(Click here for Internet Movie Database entry)
I love how once in a while when you are watching some new movie, you come to the sudden realization that the story is strangely familiar. Such is the case with August Rush, the story of a boy (Freddie Highmore) from a good family who is put up for adoption as a baby and is still waiting after eleven years in an orphanage for his parents to turn up. He eventually sets off to find them and has a series of adventures including falling in with a group of young grifters lead by a Fagin-like character known as Wizard (Robin Williams). Wait a minute! Wizard is Fagin and August Rush is Oliver Twist. It's definitely the Oliver story all right but with a bit of Mr. Holland's Opus and Cinderella thrown in. Our modern Oliver Twist is the son of two musicians (Jonathan Rhys Meyers & Keri Russell), shown below, and he turns out to be a musical prodigy who uses his music to call to his parents and vice versa. Also, while Russell is searching for her son, Rhys Meyers is searching for Russell, his long lost love. August Rush is the stage name picked by Fagin, I mean Wizard, for the young musician.
Freddie Highmore is really quite good in the title role. He burst on the scene a couple of years ago in Finding Neverland and Charlie and the Chocolate Factory. He is perfect for this role, projecting nothing less than pure joy as his character is finally is able to express the music that has been churning around inside him all his life. Rhys Meyers and Keri Russell make a nice couple. They are very cute together and separately. I have liked Rhys Meyers ever since I first saw him as the girls' football coach in Bend it Like Beckham. I never saw Russell in Felicity and only really saw for the first time what she could do in last year's Waitress which was also a very sweet movie. Russell does sweet very well, although you can see her in a nice but brief, gritty role in the last Mission Impossible. Robin Williams does a Robin-Williams-esque turn as the Fagin-esque Wizard in a part that could have been written with him in mind. The always entertaining Terence Howard (Hustle & Flow) is good as the social worker but he doesn't get to stretch much.

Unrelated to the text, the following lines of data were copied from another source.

lemma summable_power_mult_power_div_fact:
  fixes y :: real
  assumes y: "0 \<le> y"
  shows "summable (\<lambda>n. real n ^ m * (y ^ n / fact (n - 1)))"
proof (rule summable_comparison_test')
  show "summable (\<lambda>n. fact (Suc m) * ((exp 1 * y) ^ n /\<^sub>R fact n))"
    by (intro summable_mult summable_exp_generic)
  fix n :: nat assume "1 \<le> n"
  then have fact_n: "fact n = real n * fact (n - 1)"
    by (simp add: fact_reduce)
  have "real n ^ m * (y ^ n / fact (n - 1)) = real n ^ Suc m * y ^ n / fact n"
    using \<open>1 \<le> n\<close> unfolding fact_n by (simp add: field_simps)
  also have "\<dots> \<le> fact (Suc m) * exp (real n) * y ^ n / fact n"
    using y by (intro divide_right_mono mult_right_mono power_le_fact_mult_exp) auto
  also have "\<dots> = fact (Suc m) * ((exp 1 * y) ^ n /\<^sub>R fact n)"
    by (simp add: power_mult_distrib exp_of_nat_mult[symmetric] field_simps)
  finally show "norm (real n ^ m * (y ^ n / fact (n - 1)))
      \<le> fact (Suc m) * ((exp 1 * y) ^ n /\<^sub>R fact n)"
    using y by simp
qed

locale exponential_arrivals = prob_space M for M :: "'a measure" +
  fixes T :: "nat \<Rightarrow> 'a \<Rightarrow> real" and lam :: real
  assumes lam_pos: "0 < lam"
    and indep_T: "indep_vars (\<lambda>_. borel) T UNIV"
    and distributed_T: "\<And>k. distributed M lborel (T k) (exponential_density lam)"
begin

lemma measurable_T[measurable]: "T k \<in> borel_measurable M"
  using distributed_measurable[OF distributed_T] by simp

lemma measurable_arrival[measurable]: "(\<lambda>\<omega>. arrival T n \<omega>) \<in> borel_measurable M"
  unfolding arrival_def by measurable

lemma distributed_arrival:
  assumes "1 \<le> n"
  shows "distributed M lborel (arrival T n) (erlang_density (n - 1) lam)"
proof -
  have "distributed M lborel (\<lambda>\<omega>. \<Sum>k\<in>{..<n}. T k \<omega>) (erlang_density (card {..<n} - 1) lam)"
    using assms
    by (intro exponential_distributed_sum lam_pos distributed_T indep_vars_subset[OF indep_T])
       (auto simp: lessThan_empty_iff)
  then show ?thesis by (simp add: arrival_def[abs_def])
qed

lemma emeasure_arrival_le:
  assumes "1 \<le> n" and "0 \<le> x"
  shows "emeasure M {\<omega>\<in>space M. arrival T n \<omega> \<le> x} \<le> ennreal ((lam * x) ^ n / fact (n - 1))"
  using erlang_distributed_emeasure_le[OF distributed_arrival lam_pos] assms by simp

lemma AE_strict_mono_arrival: "AE \<omega> in M. strict_mono (\<lambda>n. arrival T n \<omega>)"
proof -
  have "AE \<omega> in M. 0 < T k \<omega>" for k
  proof -
    have "prob {\<omega>\<in>space M. T k \<omega> \<le> 0} = 0"
      using exponential_distributedD_le[OF distributed_T, of 0] lam_pos by simp
    then show ?thesis
      by (subst AE_iff_measurable[where N="{\<omega>\<in>space M. T k \<omega> \<le> 0}"])
         (auto simp: emeasure_eq_measure not_less)
  qed
  then have "AE \<omega> in M. \<forall>k. 0 < T k \<omega>"
    by (simp add: AE_all_countable)
  then show ?thesis
    by eventually_elim (simp add: strict_mono_Suc_iff arrival_def)
qed

lemma AE_arrival_neq: "AE \<omega> in M. \<forall>n\<ge>1. arrival T n \<omega> \<noteq> x"
proof -
  have "AE \<omega> in M. arrival T n \<omega> \<noteq> x" if "1 \<le> n" for n
  proof -
    have "(\<integral>\<^sup>+t. ennreal (erlang_density (n - 1) lam t) * indicator {x} t \<partial>lborel) = 0"
      using AE_lborel_singleton[of x] by (subst nn_integral_0_iff_AE) (auto elim: eventually_mono)
    then have "emeasure M (arrival T n -` {x} \<inter> space M) = 0"
      using distributed_emeasure[OF distributed_arrival[OF that], of "{x}"] by simp
    then show ?thesis
      by (subst AE_iff_measurable[where N="arrival T n -` {x} \<inter> space M"]) auto
  qed
  then show ?thesis
    by (simp add: AE_all_countable)
qed

lemma nn_integral_power_arrivals_finite:
  assumes "0 \<le> x"
  shows "(\<integral>\<^sup>+\<omega>. (\<Sum>n. ennreal (real n ^ m) * indicator {n. 1 \<le> n \<and> arrival T n \<omega> \<le> x} n) \<partial>M) < \<infinity>"
proof -
  define A where "A n = {\<omega>\<in>space M. 1 \<le> n \<and> arrival T n \<omega> \<le> x}" for n
  define b where "b n = real n ^ m * ((lam * x) ^ n / fact (n - 1))" for n
  have [measurable]: "A n \<in> sets M" for n
    unfolding A_def by measurable
  have term_le: "ennreal (real n ^ m) * emeasure M (A n) \<le> ennreal (b n)" for n
  proof -
    have "emeasure M (A n) \<le> ennreal ((lam * x) ^ n / fact (n - 1))"
      using emeasure_arrival_le[of n x] assms by (cases "1 \<le> n") (auto simp: A_def)
    then have "ennreal (real n ^ m) * emeasure M (A n)
        \<le> ennreal (real n ^ m) * ennreal ((lam * x) ^ n / fact (n - 1))"
      by (rule mult_left_mono) simp
    also have "\<dots> = ennreal (b n)"
      unfolding b_def using lam_pos assms by (subst ennreal_mult) auto
    finally show ?thesis .
  qed
  have "(\<integral>\<^sup>+\<omega>. (\<Sum>n. ennreal (real n ^ m) * indicator {n. 1 \<le> n \<and> arrival T n \<omega> \<le> x} n) \<partial>M)
      = (\<integral>\<^sup>+\<omega>. (\<Sum>n. ennreal (real n ^ m) * indicator (A n) \<omega>) \<partial>M)"
    by (intro nn_integral_cong) (simp add: A_def indicator_def)
  also have "\<dots> = (\<Sum>n. ennreal (real n ^ m) * emeasure M (A n))"
    by (simp add: nn_integral_suminf nn_integral_cmult_indicator)
  also have "\<dots> \<le> (\<Sum>n. ennreal (b n))"
    using term_le by (intro suminf_le) auto
  also have "\<dots> < \<infinity>"
  proof -
    have "summable b"
      unfolding b_def by (rule summable_power_mult_power_div_fact) (use lam_pos assms in simp)
    moreover have "0 \<le> b n" for n
      unfolding b_def using lam_pos assms by simp
    ultimately show ?thesis
      using ennreal_suminf_neq_top by (simp add: less_top)
  qed
  finally show ?thesis .
qed

lemma AE_finite_arrivals:
  assumes "0 \<le> x"
  shows "AE \<omega> in M. finite {n. 1 \<le> n \<and> arrival T n \<omega> \<le> x}"
proof -
  let ?N = "\<lambda>\<omega>. \<Sum>n. indicator {n. 1 \<le> n \<and> arrival T n \<omega> \<le> x} n :: ennreal"
  have "?N \<in> borel_measurable M"
    by (simp add: indicator_def of_bool_def[symmetric])
  moreover have "integral\<^sup>N M ?N \<noteq> \<infinity>"
    using nn_integral_power_arrivals_finite[OF assms, of 0] by simp
  ultimately have "AE \<omega> in M. ?N \<omega> \<noteq> \<infinity>"
    by (rule nn_integral_PInf_AE)
  then show ?thesis
    using suminf_power_indicator_infinite[where m=0] by (auto elim: eventually_mono)
qed

lemma integrable_count_pts_power:
  assumes "0 \<le> x" and "0 < m"
  shows "integrable M (\<lambda>\<omega>. real (count_pts (\<lambda>n. arrival T n \<omega>) x) ^ m)"
proof (rule integrableI_bounded)
  have "(\<integral>\<^sup>+\<omega>. norm (real (count_pts (\<lambda>n. arrival T n \<omega>) x) ^ m) \<partial>M)
      \<le> (\<integral>\<^sup>+\<omega>. (\<Sum>n. ennreal (real n ^ m) * indicator {n. 1 \<le> n \<and> arrival T n \<omega> \<le> x} n) \<partial>M)"
    unfolding count_pts_def
    using assms(2) by (intro nn_integral_mono) (simp add: card_power_le_suminf_power_indicator)
  then show "(\<integral>\<^sup>+\<omega>. norm (real (count_pts (\<lambda>n. arrival T n \<omega>) x) ^ m) \<partial>M) < \<infinity>"
    using nn_integral_power_arrivals_finite[OF assms(1)] by (rule le_less_trans)
qed measurable

end

theorem lemma2:
  fixes M :: "'a measure" and T :: "nat \<Rightarrow> 'a \<Rightarrow> real"
    and lam x :: real and m :: nat
  assumes "prob_space M"
    and "lam > 0"
    and "prob_space.indep_vars M (\<lambda>_. borel) T UNIV"
    and "\<And>k. distributed M lborel (T k) (exponential_density lam)"
    and "m > 0" and "x > 0"
  shows "((\<lambda>eps. prob_space.expectation M
              (\<lambda>\<omega>. real (beta0 (\<lambda>n. arrival T n \<omega>) eps x) ^ m))
          \<longlongrightarrow> prob_space.expectation M (\<lambda>\<omega>. real (count_pts (\<lambda>n. arrival T n \<omega>) x) ^ m))
         (at_right 0)"
proof -
  interpret exponential_arrivals M T lam
    using assms(1-4) by (simp add: exponential_arrivals_def exponential_arrivals_axioms_def)
  have x: "0 \<le> x" using assms(6) by simp
  show ?thesis
  proof (rule integral_dominated_convergence_at_within)
    show "integrable M (\<lambda>\<omega>. real (count_pts (\<lambda>n. arrival T n \<omega>) x) ^ m)"
      using x assms(5) by (rule integrable_count_pts_power)
    show "AE \<omega> in M. ((\<lambda>eps. real (beta0 (\<lambda>n. arrival T n \<omega>) eps x) ^ m)
        \<longlongrightarrow> real (count_pts (\<lambda>n. arrival T n \<omega>) x) ^ m) (at_right 0)"
      using AE_strict_mono_arrival AE_finite_arrivals[OF x] AE_arrival_neq[of x]
    proof eventually_elim
      case (elim \<omega>)
      then show ?case
        by (intro tendsto_eventually eventually_mono[OF eventually_beta0_eq_count_pts]) auto
    qed
    show "AE \<omega> in M. norm (real (beta0 (\<lambda>n. arrival T n \<omega>) eps x) ^ m)
        \<le> real (count_pts (\<lambda>n. arrival T n \<omega>) x) ^ m" if "eps \<in> {0<..} - {0}" for eps
      using AE_finite_arrivals[OF x]
    proof eventually_elim
      case (elim \<omega>)
      then have "beta0 (\<lambda>n. arrival T n \<omega>) eps x \<le> count_pts (\<lambda>n. arrival T n \<omega>) x"
        using that by (intro beta0_le_count_pts) auto
      then show ?case by (simp add: power_mono)
    qed
  qed measurable
qed

end
(* For any deterministic automata $G=(X,\Sigma,\longrightarrow,X_0)$ and $R=(Z,\Sigma,\longrightarrow,Z_0)$, there exists a $\Sigma_{uc}$-admissible supervisor $S$ with $S\|G\sqsubseteq_{cc}R$ if and only if $G\sqsubseteq_{ucr}R$.
   Context: An automaton is a 4-tuple $A=(Q,\Sigma,\longrightarrow,Q_0)$ with state set $Q$, finite event set $\Sigma$, ${\longrightarrow}\subseteq Q\times\Sigma\times Q$ and $\emptyset\neq Q_0\subseteq Q$; write $q\xrightarrow{\sigma}q'$ for $(q,\sigma,q')\in{\longrightarrow}$, $q\xrightarrow{\sigma}$ if some such $q'$ exists, extended to strings. It is deterministic if $|Q_0|=1$ and each state has at most one $\sigma$-successor for each $\sigma$. A state is reachable if reached from an initial state by some string. Events are partitioned into uncontrollable $\Sigma_{uc}$ and controllable $\Sigma_c$; $\Sigma_r\subseteq\Sigma$ is a fixed set of required events. For a supervisor (automaton) $S=(Y,\Sigma,\longrightarrow,Y_0)$, $S\|G=(Y\times X,\Sigma,\longrightarrow,Y_0\times X_0)$ with $(y,x)\xrightarrow{\sigma}(y',x')$ iff $y\xrightarrow{\sigma}y'$ and $x\xrightarrow{\sigma}x'$; $S$ is $\Sigma_{uc}$-admissible w.r.t. $G$ if for every reachable $(y,x)$ of $S\|G$ and $\sigma\in\Sigma_{uc}$, $x\xrightarrow{\sigma}$ implies $(y,x)\xrightarrow{\sigma}$. For automata $A_1,A_2$ with state sets $Q_1,Q_2$, initial sets $Q_{01},Q_{02}$, and $\Phi\subseteq Q_1\times Q_2$, consider: (initial state) every $q_0\in Q_{01}$ has $p_0\in Q_{02}$ with $(q_0,p_0)\in\Phi$; ($\Sigma'$-forward) for $(q,p)\in\Phi$, $\sigma\in\Sigma'$, $q\xrightarrow{\sigma}q'$ there is $p'$ with $p\xrightarrow{\sigma}p'$, $(q',p')\in\Phi$; ($\Sigma_r$-backward) for $(q,p)\in\Phi$, $\sigma\in\Sigma_r$, $p\xrightarrow{\sigma}p'$ there is $q'$ with $q\xrightarrow{\sigma}q'$, $(q',p')\in\Phi$. $\Phi$ is a cc-simulation if it satisfies (initial state), ($\Sigma$-forward) and ($\Sigma_r$-backward), and a $\Sigma_{ucr}$-simulation if it satisfies (initial state), ($\Sigma_{uc}$-forward) and ($\Sigma_r$-backward). $A_1\sqsubseteq_{cc}A_2$ (resp. $A_1\sqsubseteq_{ucr}A_2$) means such a relation exists. *)

theory Defs
  imports Main
begin

text \<open>An automaton A = (Q, Ev, trans, Q0) over a fixed event set Ev
  (the event set is passed separately as a parameter).\<close>
record ('q, 'e) automaton =
  states :: "'q set"
  trans  :: "('q \<times> 'e \<times> 'q) set"
  init   :: "'q set"

definition is_automaton :: "'e set \<Rightarrow> ('q, 'e) automaton \<Rightarrow> bool" where
  "is_automaton Ev A \<longleftrightarrow>
     trans A \<subseteq> states A \<times> Ev \<times> states A \<and>
     init A \<subseteq> states A \<and> init A \<noteq> {}"

definition deterministic :: "('q, 'e) automaton \<Rightarrow> bool" where
  "deterministic A \<longleftrightarrow>
     card (init A) = 1 \<and>
     (\<forall>q \<sigma> q1 q2. (q, \<sigma>, q1) \<in> trans A \<longrightarrow> (q, \<sigma>, q2) \<in> trans A \<longrightarrow> q1 = q2)"

inductive steps :: "('q, 'e) automaton \<Rightarrow> 'q \<Rightarrow> 'e list \<Rightarrow> 'q \<Rightarrow> bool" for A where
  steps_Nil: "steps A q [] q"
| steps_Cons: "(q, \<sigma>, q') \<in> trans A \<Longrightarrow> steps A q' s q'' \<Longrightarrow> steps A q (\<sigma> # s) q''"

definition reachable :: "('q, 'e) automaton \<Rightarrow> 'q \<Rightarrow> bool" where
  "reachable A q \<longleftrightarrow> (\<exists>q0 s. q0 \<in> init A \<and> steps A q0 s q)"

definition enabled :: "('q, 'e) automaton \<Rightarrow> 'q \<Rightarrow> 'e \<Rightarrow> bool" where
  "enabled A q \<sigma> \<longleftrightarrow> (\<exists>q'. (q, \<sigma>, q') \<in> trans A)"

definition sync :: "('y, 'e) automaton \<Rightarrow> ('x, 'e) automaton \<Rightarrow> ('y \<times> 'x, 'e) automaton" where
  "sync S G = \<lparr> states = states S \<times> states G,
      trans = {((y, x), \<sigma>, (y', x')) | y x \<sigma> y' x'.
                 (y, \<sigma>, y') \<in> trans S \<and> (x, \<sigma>, x') \<in> trans G},
      init = init S \<times> init G \<rparr>"

definition admissible :: "'e set \<Rightarrow> ('y, 'e) automaton \<Rightarrow> ('x, 'e) automaton \<Rightarrow> bool" where
  "admissible Euc S G \<longleftrightarrow>
     (\<forall>y x \<sigma>. reachable (sync S G) (y, x) \<longrightarrow> \<sigma> \<in> Euc \<longrightarrow>
        enabled G x \<sigma> \<longrightarrow> enabled (sync S G) (y, x) \<sigma>)"

definition sim_rel :: "'e set \<Rightarrow> 'e set \<Rightarrow> ('p, 'e) automaton \<Rightarrow> ('q, 'e) automaton
                        \<Rightarrow> ('p \<times> 'q) set \<Rightarrow> bool" where
  "sim_rel EvF Er A1 A2 Phi \<longleftrightarrow>
     Phi \<subseteq> states A1 \<times> states A2 \<and>
     (\<forall>q0 \<in> init A1. \<exists>p0 \<in> init A2. (q0, p0) \<in> Phi) \<and>
     (\<forall>q p \<sigma> q'. (q, p) \<in> Phi \<longrightarrow> \<sigma> \<in> EvF \<longrightarrow> (q, \<sigma>, q') \<in> trans A1 \<longrightarrow>
        (\<exists>p'. (p, \<sigma>, p') \<in> trans A2 \<and> (q', p') \<in> Phi)) \<and>
     (\<forall>q p \<sigma> p'. (q, p) \<in> Phi \<longrightarrow> \<sigma> \<in> Er \<longrightarrow> (p, \<sigma>, p') \<in> trans A2 \<longrightarrow>
        (\<exists>q'. (q, \<sigma>, q') \<in> trans A1 \<and> (q', p') \<in> Phi))"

August Rush is set and shot mostly on the streets of New York, giving it a fairytale look. The director is Kirsten Sheridan daughter of director Jim Sheridan (My Left Foot). August Rush is a Dickensian fairy tale. In case you haven't realized it already, this movie is extremely heartwarming. And since it is a retelling of the Oliver Twist story, it has all those coincidences, chance meetings, funny character names, and ironies that Dickens loved so much. Either you like this about Dickens or you don't. I do love Dickens and maybe that's why I love August Rush too. You just have to go with the flow knowing that there's going to be a happy ending where everyone just happens to be in the right place at the right time. I watched it on a plane to England and I ended up watching it three times. August Rush came and went very fast in the theatres last year but it's available on DVD now and ready for your Netflix list.